But this changes our reduce logic. We need to ensure we delete a product from the cart dictionary if its quantity reaches 0; remember this is an event stream so the operations could happen in any order. Since we are also using Math.min for finding the lowest price and a “RemoveFromCart” event sets the price to zero, we need to ignore updating the price in that case.

groupBy(x => x.Cart)
    .aggregate(g => {
        var products = g.values.reduce((agg, item) => {
            for (var key in item.Products) {
                var p = item.Products[key];
                var existing = agg[key];
                if (!existing) {
                    agg[key] = { Quantity: p.Quantity, Price: p.Price };
                }
                else {
                    existing.Quantity += p.Quantity;
                    if (p.Price > 0)
                        existing.Price = Math.min(p.Price, existing.Price);
                }
            }
            return agg;
        }, {});

        for (var key in products) {
            if (products[key].Quantity == 0)
                delete products[key];
        }

        return {
            Cart: g.key,
            Products: products
        };
    })

Finally, we need to handle the “PayForCart” event, we’ll create another map function to handle it:

map("PayForCart", event => {
    var paid = {};
    paid[event.Method] = event.Paid;
    return {
        Cart: event.Cart,
        Products: {},
        Paid: paid
    }
});

Note the new “Paid” property added to the result object. That also means we need to update the other map functions to include an empty Paid dictionary (again, so all the output shapes match).
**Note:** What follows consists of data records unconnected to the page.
text \<open>The weight \<open>W\<close> may be unbounded (as the Beta weight is at the endpoints), so
  \<open>leibniz_rule\<close> does not apply; a uniform quadratic remainder bound is enough instead.\<close>

lemma has_real_derivative_integral_quadratic_remainder:
  fixes W g' :: "real \<Rightarrow> real" and g :: "real \<Rightarrow> real \<Rightarrow> real"
  assumes W: "W integrable_on S" "\<And>s. s \<in> S \<Longrightarrow> 0 \<le> W s" and "0 < d"
    and integrable: "\<And>y. \<bar>y - x\<bar> < d \<Longrightarrow> (\<lambda>s. W s * g y s) integrable_on S"
    and integrable': "(\<lambda>s. W s * g' s) integrable_on S"
    and remainder: "\<And>s y. s \<in> S \<Longrightarrow> \<bar>y - x\<bar> < d \<Longrightarrow>
      \<bar>g y s - g x s - (y - x) * g' s\<bar> \<le> C * (y - x)\<^sup>2"
  shows "((\<lambda>y. integral S (\<lambda>s. W s * g y s)) has_real_derivative integral S (\<lambda>s. W s * g' s)) (at x)"
proof -
  define F where "F y = integral S (\<lambda>s. W s * g y s)" for y
  define D where "D = integral S (\<lambda>s. W s * g' s)"
  have "((\<lambda>h. (F (x + h) - F x) / h - D) \<longlongrightarrow> 0) (at 0)"
  proof (rule Lim_null_comparison)
    have "\<forall>\<^sub>F h in at 0. h \<noteq> 0 \<and> \<bar>h\<bar> < d"
      unfolding eventually_at using \<open>0 < d\<close> by (intro exI[of _ d]) (auto simp: dist_norm)
    then show "\<forall>\<^sub>F h in at 0. norm ((F (x + h) - F x) / h - D) \<le> C * \<bar>h\<bar> * integral S W"
    proof (rule eventually_mono)
      fix h :: real assume h: "h \<noteq> 0 \<and> \<bar>h\<bar> < d"
      define R where "R s = W s * g (x + h) s - W s * g x s - h * (W s * g' s)" for s
      have R: "(R has_integral F (x + h) - F x - h * D) S"
        unfolding R_def F_def D_def using h \<open>0 < d\<close>
        by (intro has_integral_diff has_integral_mult_right integrable_integral integrable integrable') auto
      have "\<bar>F (x + h) - F x - h * D\<bar> \<le> integral S (\<lambda>s. W s * (C * h\<^sup>2))"
      proof -
        have "norm (R s) \<le> W s * (C * h\<^sup>2)" if "s \<in> S" for s
        proof -
          have "R s = W s * (g (x + h) s - g x s - h * g' s)" by (simp add: R_def algebra_simps)
          then show ?thesis
            using remainder[OF that, of "x + h"] W(2)[OF that] h by (simp add: abs_mult mult_left_mono)
        qed
        then show ?thesis
          using integral_norm_bound_integral[OF has_integral_integrable[OF R]
              integrable_on_mult_left[OF W(1)]] integral_unique[OF R] by simp
      qed
      then have "\<bar>F (x + h) - F x - h * D\<bar> \<le> C * h\<^sup>2 * integral S W"
        by (simp add: mult.commute)
      moreover have "(F (x + h) - F x) / h - D = (F (x + h) - F x - h * D) / h"
        using h by (simp add: field_simps)
      ultimately show "norm ((F (x + h) - F x) / h - D) \<le> C * \<bar>h\<bar> * integral S W"
        using h by (simp add: abs_divide divide_le_eq power2_eq_square mult_ac)
    qed
    show "((\<lambda>h. C * \<bar>h\<bar> * integral S W) \<longlongrightarrow> 0) (at 0)"
      by (auto intro!: tendsto_eq_intros)
  qed
  then have "((\<lambda>h. (F (x + h) - F x) / h) \<longlongrightarrow> D) (at 0)"
    using Lim_null by blast
  then show ?thesis unfolding F_def D_def DERIV_def .
qed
In the reduce function, we’ll now include aggregate payment information for the cart:

groupBy(x => x.Cart)
    .aggregate(g => {
        var products = g.values.reduce((agg, item) => {
            for (var key in item.Products) {
                var p = item.Products[key];
                var existing = agg[key];
                if (!existing) {
                    agg[key] = { Quantity: p.Quantity, Price: p.Price };
                }
                else {
                    existing.Quantity += p.Quantity;
                    if(p.Price > 0)
                        existing.Price = Math.min(p.Price, existing.Price);
                }
            }
            return agg;
        }, {});
        
        for (var key in products) {
            if(products[key].Quantity == 0)
                delete products[key];
        }
        
        var paid = g.values.reduce((agg, item) => {
            for (var key in item.Paid){
                agg[key] = item.Paid[key] + (agg[key] || 0);
            }
            return agg;
        }, {});
        
        return {
            Cart: g.key,
            Products: products,
            Paid: paid
        };
    })

We are storing the dictionary of payment methods and amounts now on the aggregate object.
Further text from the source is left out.